_Task prompt:_ Return every line from the listing where the word "also" occurs.

═════ The data ═════

text \<open>At a boundary minimum the derivative in the inward conormal direction is nonnegative, while
  the Neumann condition makes it equal to -cot \<theta> h < 0 unless \<theta> = pi / 2.\<close>
lemma neumann_min_boundary:
  fixes h :: "'a::euclidean_space \<Rightarrow> real"
  assumes th: "0 < \<theta>" "\<theta> \<le> pi / 2" and sm: "smooth_on_cap \<theta> h" and pos: "\<forall>\<xi>\<in>cap \<theta>. h \<xi> > 0"
    and nb: "neumann_bc \<theta> h" and xi: "\<xi>0 \<in> cap \<theta>" and mn: "\<forall>\<xi>\<in>cap \<theta>. h \<xi>0 \<le> h \<xi>"
    and b: "\<xi>0 \<bullet> capE = 0"
  shows "cos \<theta> = 0" and "\<And>u. u \<in> tang \<theta> \<xi>0 \<Longrightarrow> dir_deriv (cap_ext \<theta> h) \<xi>0 u = 0"
proof -
  define D where "D = dir_deriv (cap_ext \<theta> h) \<xi>0"
  note F = cap_ext_min(1)[OF sm xi mn, folded D_def] and min = cap_ext_min(2)[OF sm xi mn]
  have lin: "linear D" using has_derivative_linear[OF F] .
  define w where "w = capE + cos \<theta> *\<^sub>R (\<xi>0 - capc \<theta>)"
  have w: "w \<in> tang \<theta> \<xi>0" "w \<bullet> capE = (sin \<theta>)\<^sup>2" "conormal \<theta> \<xi>0 = w /\<^sub>R norm w"
    using boundary_conormal_direction[OF xi b] unfolding w_def by auto
  have "D w \<le> 0" using cap_min_boundary_first_order(2)[OF F xi b th min] unfolding w_def .
  have "norm w > 0" using w(2) capillary_angle_bounds(1)[OF th] by auto
  have "D (conormal \<theta> \<xi>0) = cot \<theta> * h \<xi>0"
    using nb xi b unfolding neumann_bc_def D_def by simp
  then have Dw: "D w = norm w * (cot \<theta> * h \<xi>0)"
    using linear_scale[OF lin, of "norm w" "w /\<^sub>R norm w"] \<open>norm w > 0\<close> w(3) by simp
  have "cot \<theta> \<ge> 0" using capillary_angle_bounds[OF th] unfolding cot_def by simp
  moreover have "h \<xi>0 > 0" using pos xi by blast
  ultimately have "cot \<theta> * h \<xi>0 \<ge> 0" by simp
  moreover have "norm w * (cot \<theta> * h \<xi>0) \<le> 0" using Dw \<open>D w \<le> 0\<close> by simp
  then have "cot \<theta> * h \<xi>0 \<le> 0" using \<open>norm w > 0\<close> by (simp add: mult_le_0_iff)
  ultimately have "cot \<theta> * h \<xi>0 = 0" by simp
  then show "cos \<theta> = 0" using \<open>h \<xi>0 > 0\<close> capillary_angle_bounds(1)[OF th] unfolding cot_def by simp
  show "dir_deriv (cap_ext \<theta> h) \<xi>0 u = 0" if u: "u \<in> tang \<theta> \<xi>0" for u
  proof -
    obtain z a where z: "z \<in> tang \<theta> \<xi>0" "z \<bullet> capE = 0" "u = z + a *\<^sub>R w"
      using boundary_tang_decompose[OF xi b th u] unfolding w_def by blast
    have "D z = 0" using cap_min_boundary_first_order(1)[OF F xi b th min z(1,2)] .
    then show ?thesis
      using z(3) Dw \<open>cot \<theta> * h \<xi>0 = 0\<close> linear_add[OF lin] linear_scale[OF lin] unfolding D_def by simp
  qed
qed

lemma neumann_min_critical:
  fixes h :: "'a::euclidean_space \<Rightarrow> real"
  assumes th: "0 < \<theta>" "\<theta> \<le> pi / 2" and sm: "smooth_on_cap \<theta> h" and pos: "\<forall>\<xi>\<in>cap \<theta>. h \<xi> > 0"
    and nb: "neumann_bc \<theta> h" and xi: "\<xi>0 \<in> cap \<theta>" and mn: "\<forall>\<xi>\<in>cap \<theta>. h \<xi>0 \<le> h \<xi>"
    and u: "u \<in> tang \<theta> \<xi>0"
  shows "dir_deriv (cap_ext \<theta> h) \<xi>0 u = 0"
proof (cases "\<xi>0 \<bullet> capE < 0")
  case True
  show ?thesis
    using cap_min_interior_critical[OF cap_ext_min(1)[OF sm xi mn] xi True cap_ext_min(2)[OF sm xi mn] u] .
next
  case False
  then have "\<xi>0 \<bullet> capE = 0" using cap_memD(3)[OF xi] by simp
  then show ?thesis using neumann_min_boundary(2)[OF th sm pos nb xi mn _ u] by blast
qed

lemma neumann_min_sph_form_ge:
  fixes h :: "'a::euclidean_space \<Rightarrow> real"
  assumes th: "0 < \<theta>" "\<theta> \<le> pi / 2" and sm: "smooth_on_cap \<theta> h" and pos: "\<forall>\<xi>\<in>cap \<theta>. h \<xi> > 0"
    and nb: "neumann_bc \<theta> h" and xi: "\<xi>0 \<in> cap \<theta>" and mn: "\<forall>\<xi>\<in>cap \<theta>. h \<xi>0 \<le> h \<xi>"
    and u: "u \<in> tang \<theta> \<xi>0" "norm u = 1"
  shows "h \<xi>0 \<le> sph_form \<theta> h \<xi>0 u u"
proof -
  define g where "g = cap_ext \<theta> h"
  obtain U where U: "open U" "cap \<theta> \<subseteq> U" "smooth_on U g" "\<forall>x\<in>cap \<theta>. g x = h x"
    unfolding g_def by (rule cap_ext_smooth[OF sm])
  have xU: "\<xi>0 \<in> U" using U(2) xi by blast
  define s where "s = (if u \<bullet> capE \<le> 0 then u else - u)"
  have s: "s \<in> tang \<theta> \<xi>0" "norm s = 1" using u tang_neg unfolding s_def by auto
  have "enters_cap \<theta> \<xi>0 s"
  proof (cases "\<xi>0 \<bullet> capE < 0")
    case False
    then have "\<xi>0 \<bullet> capE = 0" using cap_memD(3)[OF xi] by simp
    then have "cos \<theta> = 0" by (rule neumann_min_boundary(1)[OF th sm pos nb xi mn])
    then show ?thesis unfolding enters_cap_def s_def by auto
  qed (simp add: enters_cap_def)
  then obtain \<delta> where \<delta>: "\<delta> > 0" "\<forall>t. 0 \<le> t \<and> t < \<delta> \<longrightarrow> great_circle \<theta> \<xi>0 s t \<in> cap \<theta>"
    using great_circle_in_cap[OF xi s] by blast
  have "\<forall>t. 0 \<le> t \<and> t < \<delta> \<longrightarrow> g \<xi>0 \<le> g (great_circle \<theta> \<xi>0 s t)"
    using \<delta>(2) mn U(4) xi by simp
  then have "dir_deriv (\<lambda>x. dir_deriv g x s) \<xi>0 s - dir_deriv g \<xi>0 (\<xi>0 - capc \<theta>) \<ge> 0"
    using great_circle_second_order_min[OF U(1) xU _ _ _ \<delta>(1)]
      smooth_on_differentiable[OF U(3,1)] smooth_on_dir_deriv_differentiable[OF U(3,1) xU]
      neumann_min_critical[OF th sm pos nb xi mn s(1)] unfolding g_def by blast
  moreover have "s \<bullet> s = 1" using s(2) by (simp add: norm_eq_1)
  ultimately have "h \<xi>0 \<le> sph_form \<theta> h \<xi>0 s s" unfolding sph_form_eq g_def by simp
  moreover have "sph_form \<theta> h \<xi>0 s s = sph_form \<theta> h \<xi>0 u u"
    using sph_form_bilinear[OF sm xi] unfolding s_def by (simp add: bilinear_lneg bilinear_rneg)
  ultimately show ?thesis by simp
qed

lemma neumann_min_pow_le:
  fixes h f :: "'a::euclidean_space \<Rightarrow> real"
  assumes th: "0 < \<theta>" "\<theta> \<le> pi / 2" and k: "k \<le> DIM('a) - 1"
    and sm: "smooth_on_cap \<theta> h" and pos: "\<forall>\<xi>\<in>cap \<theta>. h \<xi> > 0" and nb: "neumann_bc \<theta> h"
    and xi: "\<xi>0 \<in> cap \<theta>" and mn: "\<forall>\<xi>\<in>cap \<theta>. h \<xi>0 \<le> h \<xi>"
    and eq: "sigma_cap \<theta> h (DIM('a) - 1) \<xi>0 / sigma_cap \<theta> h (DIM('a) - 1 - k) \<xi>0 = inverse (f \<xi>0)"
    and f: "f \<xi>0 > 0"
  shows "h \<xi>0 ^ k \<le> 2 ^ (DIM('a) - 1) / f \<xi>0"
proof -
  define n where "n = DIM('a) - 1"
  obtain b lam where b: "diag_basis n (tang \<theta> \<xi>0) (sph_form \<theta> h \<xi>0) b lam"
    using sph_form_diag_basis[OF sm xi] unfolding n_def by blast
  have lam_ge: "\<forall>i<n. h \<xi>0 \<le> lam i"
  proof (intro allI impI)
    fix i assume "i < n"
    then have "b i \<in> tang \<theta> \<xi>0" "norm (b i) = 1" "sph_form \<theta> h \<xi>0 (b i) (b i) = lam i"
      using b unfolding diag_basis_def by (auto simp: norm_eq_1)
    then show "h \<xi>0 \<le> lam i" using neumann_min_sph_form_ge[OF th sm pos nb xi mn] by metis
  qed
  define P where "P = elem_sym n lam n"
  define Q where "Q = elem_sym (n - k) lam n"
  have ratio: "P / Q = inverse (f \<xi>0)"
    using eq sigma_cap_eq_elem_sym[OF sm xi b[unfolded n_def]] unfolding P_def Q_def n_def by simp
  have bound: "Q * h \<xi>0 ^ k \<le> 2 ^ n * P"
    unfolding P_def Q_def using elem_sym_lower_bound[OF lam_ge] pos xi k unfolding n_def by simp
  have "Q \<ge> 0" unfolding Q_def elem_sym_def
    using lam_ge pos xi by (fastforce intro!: sum_nonneg prod_nonneg intro: order_trans[OF less_imp_le])
  moreover have "Q \<noteq> 0" using ratio f by auto
  ultimately have "Q > 0" by simp
  then have "P = Q / f \<xi>0" using ratio f by (simp add: field_simps)
  then have "2 ^ n * P = Q * (2 ^ n / f \<xi>0)" by simp
  then have "Q * h \<xi>0 ^ k \<le> Q * (2 ^ n / f \<xi>0)" using bound by linarith
  then show ?thesis using \<open>Q > 0\<close> mult_le_cancel_left_pos unfolding n_def by blast
qed

lemma neumann_min_le:
  fixes h f :: "'a::euclidean_space \<Rightarrow> real"
  assumes th: "0 < \<theta>" "\<theta> \<le> pi / 2" and k: "1 \<le> k" "k \<le> DIM('a) - 1"
    and sm: "smooth_on_cap \<theta> h" and pos: "\<forall>\<xi>\<in>cap \<theta>. h \<xi> > 0" and nb: "neumann_bc \<theta> h"
    and xi: "\<xi>0 \<in> cap \<theta>" and mn: "\<forall>\<xi>\<in>cap \<theta>. h \<xi>0 \<le> h \<xi>"
    and eq: "\<forall>\<xi>\<in>cap \<theta>. sigma_cap \<theta> h (DIM('a) - 1) \<xi> / sigma_cap \<theta> h (DIM('a) - 1 - k) \<xi>
               = inverse (f \<xi>)"
    and fm: "0 < fm" "\<forall>\<xi>\<in>cap \<theta>. fm \<le> f \<xi>"
  shows "h \<xi>0 \<le> max 1 (2 ^ (DIM('a) - 1) / fm)"
proof (cases "h \<xi>0 \<le> 1")
  case False
  have f: "0 < f \<xi>0" "fm \<le> f \<xi>0" using fm xi by auto
  have "h \<xi>0 ^ 1 \<le> h \<xi>0 ^ k" using False k(1) by (intro power_increasing) auto
  also have "\<dots> \<le> 2 ^ (DIM('a) - 1) / f \<xi>0"
    using neumann_min_pow_le[where f = f, OF th k(2) sm pos nb xi mn _ f(1)] eq xi by blast
  also have "\<dots> \<le> 2 ^ (DIM('a) - 1) / fm" using f fm(1) by (intro divide_left_mono) auto
  finally show ?thesis by simp
qed simp

section \<open>The support function of a capillary hypersurface\<close>

definition height_ext :: "real \<Rightarrow> ('a::euclidean_space \<Rightarrow> 'a) \<Rightarrow> 'a \<Rightarrow> 'a \<Rightarrow> real" where
  "height_ext \<theta> X y x = (\<Sum>b\<in>Basis. (y \<bullet> b) * cap_ext \<theta> (\<lambda>x. X x \<bullet> b) x)"

lemma capillary_param_component:
  assumes cp: "capillary_param \<theta> X" and x: "x \<in> cap \<theta>" and b: "b \<in> Basis"
  shows "cap_ext \<theta> (\<lambda>x. X x \<bullet> b) differentiable (at x)" "cap_ext \<theta> (\<lambda>x. X x \<bullet> b) x = X x \<bullet> b"
proof -
  have sm: "smooth_on_cap \<theta> (\<lambda>x. X x \<bullet> b)" using cp b unfolding capillary_param_def by blast
  show "cap_ext \<theta> (\<lambda>x. X x \<bullet> b) differentiable (at x)" by (rule cap_ext_differentiable[OF sm x])
  show "cap_ext \<theta> (\<lambda>x. X x \<bullet> b) x = X x \<bullet> b" by (rule cap_ext_eq[OF sm x])
qed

═════

_The answer:_
  also have "\<dots> \<le> 2 ^ (DIM('a) - 1) / f \<xi>0"
  also have "\<dots> \<le> 2 ^ (DIM('a) - 1) / fm" using f fm(1) by (intro divide_left_mono) auto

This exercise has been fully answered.